**WORK ITEM**
The stretch wanted below opens at the line containing "define D where" and closes at the line containing "n \<le> u * x". Please return it exactly, with no other lines.

•••••

definition periodic_pt :: "(nat \<Rightarrow> 'a \<Rightarrow> 'a) \<Rightarrow> 'a \<Rightarrow> bool" where
  "periodic_pt f x \<longleftrightarrow> (\<exists>n\<ge>1. \<forall>k\<ge>1. omega f (n * k) x = x)"

definition periodic_set :: "(nat \<Rightarrow> 'a \<Rightarrow> 'a) \<Rightarrow> 'a set \<Rightarrow> bool" where
  "periodic_set f A \<longleftrightarrow> (\<exists>n\<ge>1. \<forall>k\<ge>1. omega f (n * k) ` A = A)"

definition eps_nbhd :: "'a::metric_space set \<Rightarrow> real \<Rightarrow> 'a set \<Rightarrow> 'a set" where
  "eps_nbhd X e A = {y \<in> X. \<exists>a\<in>A. dist a y < e}"

definition hit_miss_top :: "'a::metric_space set \<Rightarrow> 'a set set \<Rightarrow> 'a set topology" where
  "hit_miss_top X C = topology_generated_by
     ({ {A. A \<inter> U \<noteq> {}} | U. openin (top_of_set X) U }
      \<union> { {A. A \<subseteq> X - E} | E. E \<in> C })"

definition hit_far_miss_top :: "'a::metric_space set \<Rightarrow> 'a set set \<Rightarrow> 'a set topology" where
  "hit_far_miss_top X C = topology_generated_by
     ({ {A. A \<inter> U \<noteq> {}} | U. openin (top_of_set X) U }
      \<union> { {A. \<exists>e>0. eps_nbhd X e A \<subseteq> X - E} | E. E \<in> C })"

end

theory Submission
  imports Defs
begin

text \<open>Each subbasic open set of a hit-and-miss or hit-and-far-miss topology contains, around each
  of its members \<open>A\<close>, all finite members of some Vietoris box \<open>\<langle>U\<^sub>1, \<dots>, U\<^sub>n; E\<rangle>\<close>
  containing \<open>A\<close> (for a far miss because a finite set has positive distance from a closed set it
  misses), and this property passes to the generated topology. Density of the periodic points
  yields a finite set of periodic points in such a box, one in each \<open>U\<^sub>i - E\<close>, and a finite set
  of periodic points is periodic, the product of the periods being a common period.\<close>

definition vietoris_box :: "'a set \<Rightarrow> 'a set set \<Rightarrow> 'a set \<Rightarrow> 'a set set" where
  "vietoris_box X H E = {F. F \<subseteq> X - E \<and> (\<forall>U\<in>H. F \<inter> U \<noteq> {})}"

text \<open>\<open>T\<close> is a Vietoris neighbourhood of each of its nonempty members, as seen by finite sets only.\<close>

definition finitely_vietoris_open :: "'a::topological_space set \<Rightarrow> 'a set set \<Rightarrow> bool" where
  "finitely_vietoris_open X T \<longleftrightarrow>
     (\<forall>A\<in>T. A \<subseteq> X \<longrightarrow> A \<noteq> {} \<longrightarrow>
        (\<exists>H E. finite H \<and> (\<forall>U\<in>H. openin (top_of_set X) U) \<and> closedin (top_of_set X) E \<and>
               A \<in> vietoris_box X H E \<and> {F \<in> vietoris_box X H E. finite F} \<subseteq> T))"

lemma vietoris_box_Un:
  "vietoris_box X (H1 \<union> H2) (E1 \<union> E2) = vietoris_box X H1 E1 \<inter> vietoris_box X H2 E2"
  unfolding vietoris_box_def by blast

lemma finitely_vietoris_openI:
  assumes "\<And>A. A \<in> T \<Longrightarrow> A \<subseteq> X \<Longrightarrow> A \<noteq> {} \<Longrightarrow>
    \<exists>H E. finite H \<and> (\<forall>U\<in>H. openin (top_of_set X) U) \<and> closedin (top_of_set X) E \<and>
          A \<in> vietoris_box X H E \<and> {F \<in> vietoris_box X H E. finite F} \<subseteq> T"
  shows "finitely_vietoris_open X T"
  unfolding finitely_vietoris_open_def by (intro ballI impI assms)

lemma finitely_vietoris_openE:
  assumes "finitely_vietoris_open X T" "A \<in> T" "A \<subseteq> X" "A \<noteq> {}"
  obtains H E where "finite H" "\<forall>U\<in>H. openin (top_of_set X) U" "closedin (top_of_set X) E"
    "A \<in> vietoris_box X H E" "{F \<in> vietoris_box X H E. finite F} \<subseteq> T"
  using assms unfolding finitely_vietoris_open_def by meson

lemma finitely_vietoris_open_if_box:
  assumes "finite H" "\<forall>U\<in>H. openin (top_of_set X) U" "closedin (top_of_set X) E"
    and "\<And>A. A \<in> T \<Longrightarrow> A \<subseteq> X \<Longrightarrow> A \<in> vietoris_box X H E"
    and "{F \<in> vietoris_box X H E. finite F} \<subseteq> T"
  shows "finitely_vietoris_open X T"
proof (rule finitely_vietoris_openI)
  fix A assume "A \<in> T" "A \<subseteq> X"
  then show "\<exists>H E. finite H \<and> (\<forall>U\<in>H. openin (top_of_set X) U) \<and> closedin (top_of_set X) E \<and>
      A \<in> vietoris_box X H E \<and> {F \<in> vietoris_box X H E. finite F} \<subseteq> T"
    using assms by (intro exI[of _ H] exI[of _ E] conjI) simp_all
qed

lemma finitely_vietoris_open_hit:
  assumes "openin (top_of_set X) U"
  shows "finitely_vietoris_open X {A. A \<inter> U \<noteq> {}}"
  by (rule finitely_vietoris_open_if_box[of "{U}" _ "{}"]) (auto simp: assms vietoris_box_def)

lemma finitely_vietoris_open_miss:
  assumes "closedin (top_of_set X) E"
  shows "finitely_vietoris_open X {A. A \<subseteq> X - E}"
  by (rule finitely_vietoris_open_if_box[of "{}" _ E]) (auto simp: assms vietoris_box_def)

lemma subset_eps_nbhd:
  assumes "A \<subseteq> X" "e > 0"
  shows "A \<subseteq> eps_nbhd X e A"
proof
  fix y assume "y \<in> A"
  then show "y \<in> eps_nbhd X e A"
    using assms unfolding eps_nbhd_def by (intro CollectI conjI bexI[of _ y]) auto
qed

lemma finite_eps_nbhd_subset_open:
  fixes X :: "'a::metric_space set"
  assumes "finite F" "F \<subseteq> V" "openin (top_of_set X) V"
  shows "\<exists>e>0. eps_nbhd X e F \<subseteq> V"
proof -
  have "\<exists>d>0. \<forall>y\<in>X. dist y x < d \<longrightarrow> y \<in> V" if "x \<in> F" for x
    using assms(2,3) that by (auto simp: openin_euclidean_subtopology_iff)
  then obtain d where d: "\<And>x. x \<in> F \<Longrightarrow> d x > 0 \<and> (\<forall>y\<in>X. dist y x < d x \<longrightarrow> y \<in> V)"
    by metis
  define e where "e = Min (insert 1 (d ` F))"
  have "e > 0"
    using d assms(1) by (simp add: e_def)
  moreover have "eps_nbhd X e F \<subseteq> V"
  proof
    fix y assume "y \<in> eps_nbhd X e F"
    then obtain x where "x \<in> F" "y \<in> X" "dist x y < e"
      unfolding eps_nbhd_def by blast
    moreover have "e \<le> d x"
      using assms(1) \<open>x \<in> F\<close> by (simp add: e_def)
    ultimately show "y \<in> V"
      using d[of x] by (simp add: dist_commute)
  qed
  ultimately show ?thesis
    by blast
qed

lemma finitely_vietoris_open_far_miss:
  fixes X :: "'a::metric_space set"
  assumes "closedin (top_of_set X) E"
  shows "finitely_vietoris_open X {A. \<exists>e>0. eps_nbhd X e A \<subseteq> X - E}"
proof (rule finitely_vietoris_open_if_box[of "{}" _ E])
  have "openin (top_of_set X) (X - E)"
    using assms by (simp add: openin_diff)
  then show "{F \<in> vietoris_box X {} E. finite F} \<subseteq> {A. \<exists>e>0. eps_nbhd X e A \<subseteq> X - E}"
    using finite_eps_nbhd_subset_open unfolding vietoris_box_def by blast
  show "A \<in> vietoris_box X {} E" if "A \<in> {A. \<exists>e>0. eps_nbhd X e A \<subseteq> X - E}" "A \<subseteq> X" for A
    using that subset_eps_nbhd unfolding vietoris_box_def by blast
qed (use assms in simp_all)

lemma finitely_vietoris_open_generate_topology_on:
  assumes "generate_topology_on S T" "\<And>s. s \<in> S \<Longrightarrow> finitely_vietoris_open X s"
  shows "finitely_vietoris_open X T"
  using assms(1)
proof (induction rule: generate_topology_on.induct)
  case Empty
  show ?case by (simp add: finitely_vietoris_open_def)
next
  case (Int a b)
  show ?case
  proof (rule finitely_vietoris_openI)
    fix A assume A: "A \<in> a \<inter> b" "A \<subseteq> X" "A \<noteq> {}"
    obtain H1 E1 where 1: "finite H1" "\<forall>U\<in>H1. openin (top_of_set X) U"
      "closedin (top_of_set X) E1" "A \<in> vietoris_box X H1 E1"
      "{F \<in> vietoris_box X H1 E1. finite F} \<subseteq> a"
      using finitely_vietoris_openE[OF Int.IH(1)] A by blast
    obtain H2 E2 where 2: "finite H2" "\<forall>U\<in>H2. openin (top_of_set X) U"
      "closedin (top_of_set X) E2" "A \<in> vietoris_box X H2 E2"
      "{F \<in> vietoris_box X H2 E2. finite F} \<subseteq> b"
      using finitely_vietoris_openE[OF Int.IH(2)] A by blast
    show "\<exists>H E. finite H \<and> (\<forall>U\<in>H. openin (top_of_set X) U) \<and> closedin (top_of_set X) E \<and>
        A \<in> vietoris_box X H E \<and> {F \<in> vietoris_box X H E. finite F} \<subseteq> a \<inter> b"
      using 1 2 by (intro exI[of _ "H1 \<union> H2"] exI[of _ "E1 \<union> E2"])
        (auto simp: vietoris_box_Un closedin_Un)
  qed
next
  case (UN K)
  show ?case
  proof (rule finitely_vietoris_openI)
    fix A assume "A \<in> \<Union>K" "A \<subseteq> X" "A \<noteq> {}"
    then obtain k where "k \<in> K" "A \<in> k" "finitely_vietoris_open X k"
      using UN.IH by blast
    then show "\<exists>H E. finite H \<and> (\<forall>U\<in>H. openin (top_of_set X) U) \<and> closedin (top_of_set X) E \<and>
        A \<in> vietoris_box X H E \<and> {F \<in> vietoris_box X H E. finite F} \<subseteq> \<Union>K"
      using \<open>A \<subseteq> X\<close> \<open>A \<noteq> {}\<close> by (elim finitely_vietoris_openE) blast+
  qed
next
  case (Basis s)
  then show ?case using assms(2) by blast
qed

lemma finitely_vietoris_open_topology_generated_by:
  assumes "openin (topology_generated_by S) T" "\<And>s. s \<in> S \<Longrightarrow> finitely_vietoris_open X s"
  shows "finitely_vietoris_open X T"
  using assms finitely_vietoris_open_generate_topology_on openin_topology_generated_by by blast

lemma finitely_vietoris_open_hit_miss_top:
  assumes "openin (hit_miss_top X C) T" "\<And>E. E \<in> C \<Longrightarrow> closedin (top_of_set X) E"
  shows "finitely_vietoris_open X T"
  using assms(1) unfolding hit_miss_top_def
  by (rule finitely_vietoris_open_topology_generated_by)
    (use assms(2) finitely_vietoris_open_hit finitely_vietoris_open_miss in blast)

lemma finitely_vietoris_open_hit_far_miss_top:
  fixes X :: "'a::metric_space set"
  assumes "openin (hit_far_miss_top X C) T" "\<And>E. E \<in> C \<Longrightarrow> closedin (top_of_set X) E"
  shows "finitely_vietoris_open X T"
  using assms(1) unfolding hit_far_miss_top_def
  by (rule finitely_vietoris_open_topology_generated_by)
    (use assms(2) finitely_vietoris_open_hit finitely_vietoris_open_far_miss in blast)

lemma in_topspace_topology_generated_by_hit:
  assumes "{B. B \<inter> U \<noteq> {}} \<in> S" "A \<inter> U \<noteq> {}"
  shows "A \<in> topspace (topology_generated_by S)"
  unfolding topology_generated_by_topspace using assms(2) by (intro UnionI[OF assms(1)]) simp

lemma topspace_hit_miss_top:
  assumes "A \<subseteq> X" "A \<noteq> {}"
  shows "A \<in> topspace (hit_miss_top X C)"
  unfolding hit_miss_top_def
  by (rule in_topspace_topology_generated_by_hit[of X]) (use assms in \<open>auto intro!: exI[of _ X]\<close>)

lemma topspace_hit_far_miss_top:
  assumes "A \<subseteq> X" "A \<noteq> {}"
  shows "A \<in> topspace (hit_far_miss_top X C)"
  unfolding hit_far_miss_top_def
  by (rule in_topspace_topology_generated_by_hit[of X]) (use assms in \<open>auto intro!: exI[of _ X]\<close>)

lemma openin_Int_dense_nonempty:
  assumes "X \<subseteq> closure P" "P \<subseteq> X" "openin (top_of_set X) V" "V \<noteq> {}"
  shows "V \<inter> P \<noteq> {}"
proof -
  obtain G where G: "open G" "V = X \<inter> G"
    using assms(3) by (auto simp: openin_open)
  obtain v where "v \<in> V"
    using assms(4) by blast
  then have "G \<inter> closure P \<noteq> {}"
    using assms(1) G(2) by blast
  then have "G \<inter> P \<noteq> {}"
    by (simp add: open_Int_closure_eq_empty[OF G(1)])
  then show ?thesis
    using G(2) assms(2) by blast
qed
(* Let $w\in\mathfrak{S}_n$ with $\{k,k+1\}\subseteq\textsf{supp}(w)$. (a) Some reduced word for $w$ has the form (a word in letters $\le k$) followed by (a word in letters $\ge k+1$) if and only if there exists $x<k+1$ such that $\{w(1),\dots,w(k)\}=[1,k+1]\setminus\{x\}$ and $w^{-1}(x)>k+1$. (b) Some reduced word for $w$ has the form (a word in letters $\ge k+1$) followed by (a word in letters $\le k$) if and only if there exists $y>k+1$ such that $\{w(k+2),\dots,w(n)\}=[k+1,n]\setminus\{y\}$ and $w^{-1}(y)<k+1$. (c) The letters $k$ and $k+1$ are interlaced in $w$ if and only if there exist $i\in[1,k]$ and $j\in[k+2,n]$ such that $w(i)>k+1$ and $w(j)<k+1$.
   Context: Permutations are written in one-line notation and composed right to left; $\sigma_i=(i,i+1)$, and reduced words are sequences of subscripts of reduced expressions. $\textsf{supp}(w)$ is the set of letters appearing in reduced words of $w$. For $k,k+1\in\textsf{supp}(w)$: they have increasing orientation in $w$ if in every reduced word all occurrences of $k$ are to the left of all occurrences of $k+1$; decreasing orientation if all occurrences of $k$ are to the right of all occurrences of $k+1$; otherwise they are interlaced. *)

theory Defs
  imports "HOL-Combinatorics.Transposition" "HOL-Combinatorics.Permutations"
begin

text \<open>Permutations of [1,n] are functions nat => nat with w permutes {1..n}.
  The simple transposition s_i = (i,i+1). A word [a1,...,am] denotes
  s_a1 o ... o s_am (composition right to left).\<close>

definition simple_trans :: "nat \<Rightarrow> nat \<Rightarrow> nat" where
  "simple_trans i = Transposition.transpose i (Suc i)"

definition word_perm :: "nat list \<Rightarrow> nat \<Rightarrow> nat" where
  "word_perm xs = foldr (\<lambda>a f. simple_trans a \<circ> f) xs id"

definition is_word :: "nat \<Rightarrow> (nat \<Rightarrow> nat) \<Rightarrow> nat list \<Rightarrow> bool" where
  "is_word n w xs \<longleftrightarrow> (\<forall>a\<in>set xs. 1 \<le> a \<and> a < n) \<and> word_perm xs = w"

definition reduced_word :: "nat \<Rightarrow> (nat \<Rightarrow> nat) \<Rightarrow> nat list \<Rightarrow> bool" where
  "reduced_word n w xs \<longleftrightarrow> is_word n w xs \<and> (\<forall>ys. is_word n w ys \<longrightarrow> length xs \<le> length ys)"
(* For any positive integers $n,p$ and any $k\ge 3$ (possibly $k=\infty$), there exists a path system $S$ with $n$ nodes, $p$ paths, bridge girth $>k$, size $\|S\|=\Theta(\beta(n,p,k))$, and no $2$-cycles.
   Context: A path system is a pair $S=(V,\Pi)$ where $V$ is a finite ground set of nodes and $\Pi$ is a multiset of finite sequences of nodes (paths), each containing each node at most once. The size is $\|S\|=\sum_{\pi\in\Pi}|\pi|$ ($|\pi|$ = number of nodes of $\pi$). Write $x<_\pi y$ if $x,y\in\pi$ and $x$ strictly precedes $y$ in $\pi$. A $b$-bridge consists of $b$ distinct nodes $v_1,\dots,v_b$ and $b$ distinct paths $\pi_1,\dots,\pi_b$ with $v_i<_{\pi_i}v_{i+1}$ for $1\le i\le b-1$ and $v_1<_{\pi_b}v_b$. The bridge girth is the least $b$ for which there is a $b$-bridge ($\infty$ if none). $\beta(n,p,k)$ is the maximum possible size of a path system with $n$ nodes, $p$ paths and bridge girth $>k$. A $2$-cycle in a path system is a pair of nodes $u,v$ and a pair of paths $\pi_1,\pi_2$ with $u<_{\pi_1}v$ and $v<_{\pi_2}u$. *)

theory Defs
  imports Main "HOL-Library.Extended_Nat"
begin

text \<open>A path system (V, Pi): V a finite set of nodes (taken to be naturals),
  Pi a multiset of paths, represented as a list of paths (the order of the list
  is irrelevant; distinct paths = distinct list positions).\<close>

definition path_system :: "nat set \<Rightarrow> nat list list \<Rightarrow> bool" where
  "path_system V Pi \<longleftrightarrow> finite V \<and> (\<forall>\<pi>\<in>set Pi. distinct \<pi> \<and> set \<pi> \<subseteq> V)"

definition ps_size :: "nat list list \<Rightarrow> nat" where
  "ps_size Pi = sum_list (map length Pi)"

definition precedes :: "nat list \<Rightarrow> nat \<Rightarrow> nat \<Rightarrow> bool" where
  "precedes \<pi> x y \<longleftrightarrow> (\<exists>i j. i < j \<and> j < length \<pi> \<and> \<pi> ! i = x \<and> \<pi> ! j = y)"

definition has_bridge :: "nat set \<Rightarrow> nat list list \<Rightarrow> nat \<Rightarrow> bool" where
  "has_bridge V Pi b \<longleftrightarrow> b \<ge> 1 \<and> (\<exists>v q.
     inj_on v {..<b} \<and> v ` {..<b} \<subseteq> V \<and>
     inj_on q {..<b} \<and> q ` {..<b} \<subseteq> {..<length Pi} \<and>
     (\<forall>i. i + 1 < b \<longrightarrow> precedes (Pi ! q i) (v i) (v (i + 1))) \<and>
     precedes (Pi ! q (b - 1)) (v 0) (v (b - 1)))"

definition girth_gt :: "nat set \<Rightarrow> nat list list \<Rightarrow> enat \<Rightarrow> bool" where
  "girth_gt V Pi k \<longleftrightarrow> (\<forall>b. has_bridge V Pi b \<longrightarrow> enat b > k)"

definition no_2cycle :: "nat list list \<Rightarrow> bool" where
  "no_2cycle Pi \<longleftrightarrow> \<not> (\<exists>u v i j. i < length Pi \<and> j < length Pi \<and>
      precedes (Pi ! i) u v \<and> precedes (Pi ! j) v u)"

definition beta :: "nat \<Rightarrow> nat \<Rightarrow> enat \<Rightarrow> nat" where
  "beta n p k = Max {ps_size Pi | V Pi. path_system V Pi \<and> card V = n \<and> length Pi = p
                                        \<and> girth_gt V Pi k}"

end

theory Submission
  imports Defs
begin
lemma affine_on_unit_cells_reflect:
  assumes "affine_on_unit_cells g" "c \<in> \<int>"
  shows "affine_on_unit_cells (\<lambda>y. g (c - y))"
  unfolding affine_on_unit_cells_def
proof (intro allI impI)
  fix n :: int and x :: real
  assume x: "of_int n \<le> x \<and> x \<le> of_int n + 1"
  obtain m where c: "c = of_int m" using assms(2) Ints_cases by blast
  have "of_int (m - n - 1) \<le> c - x \<and> c - x \<le> of_int (m - n - 1) + 1"
    using x by (simp add: c)
  with assms(1) have "g (c - x) = g (of_int (m - n - 1)) + (c - x - of_int (m - n - 1))
      * (g (of_int (m - n - 1) + 1) - g (of_int (m - n - 1)))"
    unfolding affine_on_unit_cells_def by blast
  then show "g (c - x) = g (c - of_int n) + (x - of_int n) * (g (c - (of_int n + 1)) - g (c - of_int n))"
    by (simp add: c algebra_simps)
qed

lemma affine_on_unit_cells_convex_combination:
  assumes "affine_on_unit_cells g"
    and "of_int n \<le> x" "x \<le> of_int n + 1" "of_int n \<le> y" "y \<le> of_int n + 1" "0 \<le> u" "u \<le> 1"
  shows "g (u * x + (1 - u) * y) = u * g x + (1 - u) * g y"
proof -
  define D where "D = g (of_int n + 1) - g (of_int n)"
  note affine = assms(1)[unfolded affine_on_unit_cells_def, rule_format, of n, folded D_def]
  have "of_int n \<le> u * x + (1 - u) * y" "u * x + (1 - u) * y \<le> of_int n + 1"
    using convex_bound_le[of x "of_int n + 1" y u "1 - u"] convex_bound_le[of "-x" "- of_int n" "-y" u "1 - u"] assms
    by (auto simp: algebra_simps)
  then have "g (u * x + (1 - u) * y) = g (of_int n) + (u * x + (1 - u) * y - of_int n) * D"
    using affine by blast
  also have "\<dots> = u * (g (of_int n) + (x - of_int n) * D) + (1 - u) * (g (of_int n) + (y - of_int n) * D)"
    by (simp add: algebra_simps)
  also have "\<dots> = u * g x + (1 - u) * g y"
    using affine[of x] affine[of y] assms(2-5) by simp
  finally show ?thesis .
qed
(* Let $g_1,g_2\in\mathcal{O}_3=\mathbb{R}\{t,x_1,x_2\}$ vanish at the origin, suppose $V(g_1,g_2)$ is a curve having an algebraically isolated singularity at the origin and $\dim_{\mathbb{R}}\mathcal{O}_3/\langle t,g_1,g_2\rangle<\infty$. Put $g_i'(t,x)=g_i(t^2,x)$, $i=1,2$. Then $\dim_{\mathbb{R}}\mathcal{O}_3/\langle t,g_1',g_2'\rangle<\infty$ and $V(g_1',g_2')$ is a curve having an algebraically isolated singularity at the origin.
   Context: $\mathcal{O}_3$ is the ring of real analytic germs at the origin in $(t,x_1,x_2)$. For $w_1,\dots,w_m\in\mathcal{O}_3$ vanishing at $\mathbf 0$, let $W$ be the ideal generated by $w_1,\dots,w_m$ and all $2\times2$ minors of the Jacobian matrix of $(w_1,\ldots,w_m)$ with respect to $(t,x_1,x_2)$; $V(w_1,\dots,w_m)$ is a curve having an algebraically isolated singularity at the origin if $W$ is proper and $\dim_{\mathbb{R}}\mathcal{O}_3/W<\infty$. *)

theory Defs
  imports "HOL-Analysis.Analysis"
begin

text \<open>A germ of O_3 is represented by a
function R^3 -> R that is real analytic at the origin; two functions define the same
germ iff they agree on a neighbourhood of the origin.\<close>

definition analytic_at0 :: "(real \<times> real \<times> real \<Rightarrow> real) \<Rightarrow> bool" where
  "analytic_at0 f \<longleftrightarrow>
     (\<exists>r>0. \<exists>c :: nat \<times> nat \<times> nat \<Rightarrow> real.
        \<forall>t x1 x2. \<bar>t\<bar> < r \<and> \<bar>x1\<bar> < r \<and> \<bar>x2\<bar> < r \<longrightarrow>
          ((\<lambda>(i, j, k). c (i, j, k) * t ^ i * x1 ^ j * x2 ^ k) has_sum f (t, x1, x2)) UNIV)"

definition germ_eq :: "(real \<times> real \<times> real \<Rightarrow> real) \<Rightarrow> (real \<times> real \<times> real \<Rightarrow> real) \<Rightarrow> bool" where
  "germ_eq f g \<longleftrightarrow> (\<forall>\<^sub>F p in nhds (0, 0, 0). f p = g p)"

•••••

**SOLVED PROBLEM**
  define D where "D = g (of_int n + 1) - g (of_int n)"
  note affine = assms(1)[unfolded affine_on_unit_cells_def, rule_format, of n, folded D_def]
  have "of_int n \<le> u * x + (1 - u) * y" "u * x + (1 - u) * y \<le> of_int n + 1"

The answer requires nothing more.